Hyundai is also a towering example of Korea’s family-orientated business culture. The current chairman, Euisun Chung, is the grandson of Juyung Chung, who founded the Hyundai Group in 1946. The car company was founded in 1967 and owed its early success to a team of former British Leyland employees. They oversaw the very first Korean car, the 1975 Pony, styled by no less a talent than the master Italian automotive designer Giorgetto Giugiaro.
Hyundai: a history
Although Hyundai Motor is one of many businesses to hive off from the original company over the years, it still benefits from the latter’s halo effect. The Hyundai name is attached to all forms of construction, as well as shipbuilding, shipping, electronics, finance and tourism, while also being active in philanthropy and global relations. Under Juyung Chung, Hyundai became an engine of Korea’s economic revolution and helped make the country one of Asia’s four ‘Tiger Economies’. The Hyundai name remains a source of national pride. So far it has avoided the unease and suspicion that now surrounds FAANG and other tech titans.
All that might change, for the automobile is on the cusp of a revolution, one that will see it edge closer in spirit to the device in your pocket rather than the machine parked outside your house.
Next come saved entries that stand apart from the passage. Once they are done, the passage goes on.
theorem theorem2p2:
  fixes S :: "'a::banach set" and M :: "'a measure"
  assumes "prob_space M" and "sets M = sets (restrict_space borel S)"
    and "critical M S"
  shows
   "(\<forall>s c \<epsilon>0 R E D. ereal s > opt_rate S \<and> c > 0 \<and> \<epsilon>0 > 0 \<and>
        (\<forall>x \<epsilon>. 0 < \<epsilon> \<and> \<epsilon> < \<epsilon>0 \<longrightarrow> measure M (S \<inter> cball x \<epsilon>) \<le> 2 powr (- c * \<epsilon> powr (-1/s))) \<and>
        R \<ge> 1 \<and> enc_dec_pair S R E D \<longrightarrow>
        (\<forall>\<epsilon>. 0 < \<epsilon> \<and> \<epsilon> < \<epsilon>0 \<longrightarrow>
           outer_prob M {x\<in>S. norm (x - D (E x)) \<le> \<epsilon>} \<le> ennreal (2 powr (real R - c * \<epsilon> powr (-1/s)))))
  \<and> (\<forall>s E D. ereal s > opt_rate S \<and> is_codec S E D \<longrightarrow> outer_prob M (approx_class S s E D) = 0)
  \<and> (\<forall>s. 0 \<le> s \<and> ereal s < opt_rate S \<longrightarrow>
        (\<exists>E D. is_codec S E D \<and>
           (\<exists>C>0. \<forall>R\<ge>(1::nat). distortion S (E R) (D R) \<le> ereal (C * real R powr (- s))) \<and>
           approx_class S s E D = S \<and> measure M (approx_class S s E D) = 1))"
proof (intro conjI allI impI)
  fix s c \<epsilon>0 R E D \<epsilon>
  assume "ereal s > opt_rate S \<and> c > 0 \<and> \<epsilon>0 > 0 \<and>
      (\<forall>x \<epsilon>. 0 < \<epsilon> \<and> \<epsilon> < \<epsilon>0 \<longrightarrow> measure M (S \<inter> cball x \<epsilon>) \<le> 2 powr (- c * \<epsilon> powr (-1/s))) \<and>
      R \<ge> 1 \<and> enc_dec_pair S R E D" and "0 < \<epsilon> \<and> \<epsilon> < \<epsilon>0"
  then have "outer_prob M {x\<in>S. norm (x - D (E x)) \<le> \<epsilon>} \<le> ennreal (2 ^ R * 2 powr (- c * \<epsilon> powr (-1/s)))"
    by (intro outer_prob_error_set_le prob_space.finite_measure[OF assms(1)] assms(2)) auto
  then show "outer_prob M {x\<in>S. norm (x - D (E x)) \<le> \<epsilon>} \<le> ennreal (2 powr (real R - c * \<epsilon> powr (-1/s)))"
    by (simp add: powr_diff powr_realpow powr_minus divide_inverse)
next
  fix s E D
  assume s: "ereal s > opt_rate S \<and> is_codec S E D"
  then obtain t c \<epsilon>0 where bound: "0 < t" "t < s" "0 < c" "0 < \<epsilon>0"
    "\<And>x \<epsilon>. 0 < \<epsilon> \<Longrightarrow> \<epsilon> < \<epsilon>0 \<Longrightarrow> measure M (S \<inter> cball x \<epsilon>) \<le> 2 powr (- c * \<epsilon> powr (-1/t))"
    using critical_growth_bound_between[OF assms(3)] by blast
  with s show "outer_prob M (approx_class S s E D) = 0"
    by (intro outer_prob_approx_class_eq_0[OF prob_space.finite_measure[OF assms(1)] assms(2) _ bound]) auto
next
  fix s :: real
  assume "0 \<le> s \<and> ereal s < opt_rate S"
  then obtain E D C where "is_codec S E D" "0 < C"
    and distortion: "\<And>R. R \<ge> 1 \<Longrightarrow> distortion S (E R) (D R) \<le> ereal (C * real R powr (- s))"
    by (auto elim: codec_below_opt_rate)
  moreover have "approx_class S s E D = S"
    using distortion by (rule approx_class_eq_if_distortion_le)
  moreover have "measure M S = 1"
    using prob_space.prob_space[OF assms(1)] space_eq_of_sets_restrict_borel[OF assms(2)] by simp
  ultimately show "\<exists>E D. is_codec S E D \<and>
      (\<exists>C>0. \<forall>R\<ge>(1::nat). distortion S (E R) (D R) \<le> ereal (C * real R powr (- s))) \<and>
      approx_class S s E D = S \<and> measure M (approx_class S s E D) = 1"
    by (metis (no_types, lifting))
qed

end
Up until the turn of the last decade, Hyundai Motor focused on value-orientated products with tried and tested reliability. This ensured its swift rise to ubiquity, but brand recognition still eluded it. The company ultimately found its brand mojo through its long association with German designer Peter Schreyer, formerly head of design at Audi, then Volkswagen.
In 2006, Schreyer was hired first by Kia, before being appointed president of the company’s various global design centres. Today he is the group’s head of design management. Schreyer has an uncanny ability to distil automotive identity down to a few signature elements. He was one of the drivers behind the VW Group’s sophisticated brand management, which used key designs – Audi’s TT, the revived Volkswagen Beetle, the Bentley Continental GT – to steer its various wards towards strong individual identities despite increasingly shared components.
Initially, Kia and Hyundai Motor offered Schreyer a larger canvas but a more limited palette. He set his teams painstakingly to create a new family of distinctive cars, from small to large, modest to lavish. Both brands became bolder, creating products for Asia’s fast-growing youth market and America’s heartland consumers, most notably a series of compact SUVs and crossovers. These cars– including the Kia Soul and Sportage, and the Hyundai Tucson and Santa Fe – continue to sell well around the globe, bolstering corporate confidence for a brave next step.
What's next?
Like all heavy industries, car makers work many years in advance. Hyundai Motor’s gears have been grinding in the background, for it entered 2021 with such a raft of new products and announcements that at times it was hard to keep up. Last year, Wallpaper* bestowed a coveted Design Award on the 45 Concept (see W*251), a sleek mainstream electric car that proudly bore the influence of Giugiaro’s 1974 Pony Coupé concept – the precursor to the company’s first production car. Schreyer has long admired the Italian master and the 45 paid homage without being slavishly retro. Instead, it made an emotional connection between the technology of tomorrow – the electric car – and the unencumbered optimism of the past. For the first time, a Hyundai expressed the emotional pull of design, that indefinable cocktail of form, function, innovation, even nostalgia.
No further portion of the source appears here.